Investigation of the three dimensional models of Kex2, furin and Kumamolisin for substrate binding properties. (A) Superimposed 3D coordinate sets for the three proteases reveal colocalization of the Kumamolisin propeptide residues with the predicted S1' and S2' binding pockets in furin and Kex2. A region identified for binding of the inhibitor Eglin-c (purple) [31] is not involved in binding of the propeptide. (B) and (C) A potential S4' binding pocket is identified which is terminated by H369 in Kex2 and E262 in furin. Numbering "a" through "E" refers to residues used in Table 2, which lists the respective binding pockets and references.

Figure 7

Sequence Alignment of fungal Kex2-like proteins. A protein sequence alignment of the residues involved in substrate specificity determination shows that the electrostatic properties of the binding regions are highly conserved. Red: positive charges, blue: negative charges, orange: polar residues, green: apolar residues, : Propeptide cleavage site, numbering "a" through "E" refers to residues used in Table 2, which lists the respective binding pockets and references.

Figure 8

Relevance of proper folding for proteolysis. (A) Sites readily cleaved in the native protein (nat) are cleaved less in heat denatured protein (denat).

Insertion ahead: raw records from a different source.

lemma augmentable_saturated:
  assumes fin: "finite Rk" "finite Y" and max: "max_allocation Rk Y E b g"
    and aug: "augmentable Rk Y E b g y"
  shows "1 \<le> (\<Sum>r\<in>Rk. g r y)"
proof (rule ccontr)
  assume "\<not> 1 \<le> (\<Sum>r\<in>Rk. g r y)"
  obtain g' \<epsilon> where y: "y \<in> Y" and \<epsilon>: "0 < \<epsilon>" and g': "within_budget Rk Y E b g'"
    and load: "\<forall>y0\<in>Y. (\<Sum>r\<in>Rk. g' r y0) = (\<Sum>r\<in>Rk. g r y0) + (if y0 = y then \<epsilon> else 0)"
    using aug unfolding augmentable_def by blast
  have g: "is_allocation Rk Y E b g" using max unfolding max_allocation_def by blast
  define t where "t = min 1 ((1 - (\<Sum>r\<in>Rk. g r y)) / \<epsilon>)"
  define g1 where "g1 r0 y0 = (1 - t) * g r0 y0 + t * g' r0 y0" for r0 y0
  have t: "0 < t" "t \<le> 1" "t * \<epsilon> \<le> 1 - (\<Sum>r\<in>Rk. g r y)"
    using \<open>\<not> 1 \<le> _\<close> \<epsilon> unfolding t_def by (auto simp: min_def field_simps)
  have load1: "(\<Sum>r\<in>Rk. g1 r y0) = (\<Sum>r\<in>Rk. g r y0) + (if y0 = y then t * \<epsilon> else 0)"
    if "y0 \<in> Y" for y0
    using load that unfolding g1_def sum_convex_combination by (simp add: algebra_simps)
  have "within_budget Rk Y E b g1"
    unfolding g1_def using within_budget_mix[OF _ g' less_imp_le[OF t(1)] t(2)] g
    unfolding is_allocation_def by blast
  moreover have "(\<Sum>r\<in>Rk. g1 r y0) \<le> 1" if "y0 \<in> Y" for y0
    using load1[OF that] g t(3) that unfolding is_allocation_def by auto
  ultimately have "is_allocation Rk Y E b g1" unfolding is_allocation_def by blast
  moreover have "allocation_value Rk Y g1 = allocation_value Rk Y g + t * \<epsilon>"
    using fin y load1 unfolding allocation_value_swap[OF fin] by (simp add: sum.distrib)
  ultimately show False using max t(1) \<epsilon> unfolding max_allocation_def
    by (metis add_le_same_cancel1 mult_pos_pos not_le)
qed

lemma max_allocation_cut:
  assumes fin: "finite Rk" "finite Y" and max: "max_allocation Rk Y E b g"
  shows "\<exists>S\<subseteq>Y. real (card S) + (\<Sum>r\<in>{r\<in>Rk. \<exists>y\<in>Y - S. E r y}. b r) \<le> allocation_value Rk Y g"
proof -
  have g: "within_budget Rk Y E b g" using max unfolding max_allocation_def is_allocation_def by blast
  \<comment> \<open>A ranking approving a candidate outside \<open>S\<close> has no slack and sends nothing into \<open>S\<close>,
    since otherwise that candidate would be augmentable.\<close>
  define S where "S = {y\<in>Y. augmentable Rk Y E b g y}"
  define P where "P = {r\<in>Rk. \<exists>y\<in>Y - S. E r y}"
  have SY: "S \<subseteq> Y" unfolding S_def by auto
  have tight: "(\<Sum>y\<in>Y - S. g r y) = b r" if "r \<in> P" for r
  proof -
    have r: "r \<in> Rk" using that unfolding P_def by auto
    have "\<not> (\<Sum>y\<in>Y. g r y) < b r" and "\<forall>y\<in>S. g r y = 0"
      using that g augmentable_if_slack[OF fin g r] augmentable_reroute[OF fin g _ r]
      unfolding P_def S_def within_budget_def by (auto simp: order_less_le)
    moreover have "(\<Sum>y\<in>Y. g r y) = (\<Sum>y\<in>S. g r y) + (\<Sum>y\<in>Y - S. g r y)"
      using fin SY by (metis add.commute sum.subset_diff)
    ultimately show ?thesis using g r unfolding within_budget_def by force
  qed
  have "real (card S) = (\<Sum>y\<in>S. 1)" by simp
  also have "\<dots> \<le> (\<Sum>y\<in>S. \<Sum>r\<in>Rk. g r y)"
    using augmentable_saturated[OF fin max] unfolding S_def by (intro sum_mono) auto
  finally have "real (card S) \<le> (\<Sum>y\<in>S. \<Sum>r\<in>Rk. g r y)" .
  moreover have "(\<Sum>r\<in>P. b r) \<le> (\<Sum>y\<in>Y - S. \<Sum>r\<in>Rk. g r y)"
  proof -
    have "(\<Sum>r\<in>P. b r) = (\<Sum>r\<in>P. \<Sum>y\<in>Y - S. g r y)" using tight by simp
    also have "\<dots> \<le> (\<Sum>r\<in>Rk. \<Sum>y\<in>Y - S. g r y)"
      using g fin unfolding P_def within_budget_def by (intro sum_mono2) (auto intro: sum_nonneg)
    also have "\<dots> = (\<Sum>y\<in>Y - S. \<Sum>r\<in>Rk. g r y)" by (rule sum.swap)
    finally show ?thesis .
  qed
  moreover have "allocation_value Rk Y g = (\<Sum>y\<in>S. \<Sum>r\<in>Rk. g r y) + (\<Sum>y\<in>Y - S. \<Sum>r\<in>Rk. g r y)"
    using fin SY unfolding allocation_value_swap[OF fin] by (metis add.commute sum.subset_diff)
  ultimately show ?thesis using SY unfolding P_def by (intro exI[of _ S]) auto
qed

section \<open>The flow network of a round\<close>

lemma sum_netV:
  assumes "finite C" "finite X"
  shows "(\<Sum>v\<in>netV C X x. \<phi> v)
    = \<phi> Src + \<phi> Snk + (\<Sum>r\<in>rankings C. \<phi> (RkV r)) + (\<Sum>y\<in>X - {x}. \<phi> (CdV y))"
proof -
  have fin: "finite (RkV ` rankings C \<union> CdV ` (X - {x}))"
    using finite_rankings assms by blast
  have "netV C X x = insert Src (insert Snk (RkV ` rankings C \<union> CdV ` (X - {x})))"
    unfolding netV_def by auto
  moreover have "(\<Sum>v\<in>RkV ` rankings C \<union> CdV ` (X - {x}). \<phi> v)
      = (\<Sum>r\<in>rankings C. \<phi> (RkV r)) + (\<Sum>y\<in>X - {x}. \<phi> (CdV y))"
    using fin by (subst sum.union_disjoint) (auto simp: sum.reindex inj_on_def)
  moreover have "Src \<notin> insert Snk (RkV ` rankings C \<union> CdV ` (X - {x}))"
    and "Snk \<notin> RkV ` rankings C \<union> CdV ` (X - {x})" by auto
  ultimately show ?thesis using fin by (simp add: algebra_simps)
qed

lemma netE_iff:
  "(Src, v) \<in> netE C X x \<longleftrightarrow> (\<exists>r. v = RkV r \<and> r \<in> rankings C)"
  "(u, Src) \<notin> netE C X x"
  "(Snk, v) \<notin> netE C X x"
  "(u, Snk) \<in> netE C X x \<longleftrightarrow> (\<exists>y. u = CdV y \<and> y \<in> X - {x})"
  "(RkV r, v) \<in> netE C X x \<longleftrightarrow> (\<exists>y. v = CdV y \<and> r \<in> rankings C \<and> y \<in> X - {x} \<and> prefers r x y)"
  "(u, RkV r) \<in> netE C X x \<longleftrightarrow> u = Src \<and> r \<in> rankings C"
  "(CdV y, v) \<in> netE C X x \<longleftrightarrow> v = Snk \<and> y \<in> X - {x}"
  "(u, CdV y) \<in> netE C X x \<longleftrightarrow> (\<exists>r. u = RkV r \<and> r \<in> rankings C \<and> y \<in> X - {x} \<and> prefers r x y)"
  unfolding netE_def by auto

context
  fixes C :: "'a set" and X :: "'a set" and x :: 'a and b :: "'a list \<Rightarrow> real"
    and f :: "'a vtx \<times> 'a vtx \<Rightarrow> real"
  assumes finite: "finite C" "finite X"
    and flow: "is_flow (netV C X x) (netE C X x) (netCap b) Src Snk f"
begin

lemma flow_zero: "e \<notin> netE C X x \<Longrightarrow> f e = 0"
  using flow unfolding is_flow_def by blast

lemma flow_capacity: "e \<in> netE C X x \<Longrightarrow> 0 \<le> f e \<and> ereal (f e) \<le> netCap b e"
  using flow unfolding is_flow_def by blast

lemma flow_conservation:
  "v \<in> netV C X x - {Src, Snk} \<Longrightarrow> (\<Sum>u\<in>netV C X x. f (u, v)) = (\<Sum>w\<in>netV C X x. f (v, w))"
  using flow unfolding is_flow_def by blast

lemma flow_from_source:
  assumes "r \<in> rankings C"
  shows "f (Src, RkV r) = (\<Sum>y\<in>X - {x}. f (RkV r, CdV y))"
  using flow_conservation[of "RkV r"] assms
  unfolding sum_netV[OF finite] by (simp add: netV_def flow_zero netE_iff)

lemma flow_allocation:
  "is_allocation (rankings C) (X - {x}) (\<lambda>r y. prefers r x y) b (\<lambda>r y. f (RkV r, CdV y))"
proof -
  have "0 \<le> f (RkV r, CdV y)" for r y
    using flow_zero flow_capacity by (cases "(RkV r, CdV y) \<in> netE C X x") auto
  moreover have "r \<in> rankings C \<and> y \<in> X - {x} \<and> prefers r x y" if "f (RkV r, CdV y) \<noteq> 0" for r y
  proof -
    have "(RkV r, CdV y) \<in> netE C X x" using that flow_zero by blast
    then show ?thesis by (simp add: netE_iff)
  qed
  moreover have "(\<Sum>y\<in>X - {x}. f (RkV r, CdV y)) \<le> b r" if "r \<in> rankings C" for r
    using that flow_capacity[of "(Src, RkV r)"] by (simp add: flow_from_source netE_iff)
  moreover have "(\<Sum>r\<in>rankings C. f (RkV r, CdV y)) \<le> 1" if y: "y \<in> X - {x}" for y
  proof -
    have "(\<Sum>r\<in>rankings C. f (RkV r, CdV y)) = f (CdV y, Snk)"
      using y flow_conservation[of "CdV y"]
      unfolding sum_netV[OF finite] by (simp add: netV_def flow_zero netE_iff)
    then show ?thesis using y flow_capacity[of "(CdV y, Snk)"] by (simp add: netE_iff)
  qed
  ultimately show ?thesis unfolding is_allocation_def within_budget_def by blast
qed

Shown are the results for CaEce1 and CA1873. (B) Potential sites not cleaved in the native protein are cleaved when exposed to the environment by fusion between GST and GFP (see text).

Figure 9

Schematic representation of polypeptide- and Ops4-like substrates. Kex2 cleavage sites are represented by vertical bars. SP: Signal peptide, GPI: potential GPI anchor attachment site. The proteins are digested at all sites found (see Figure 4 and Figure 8).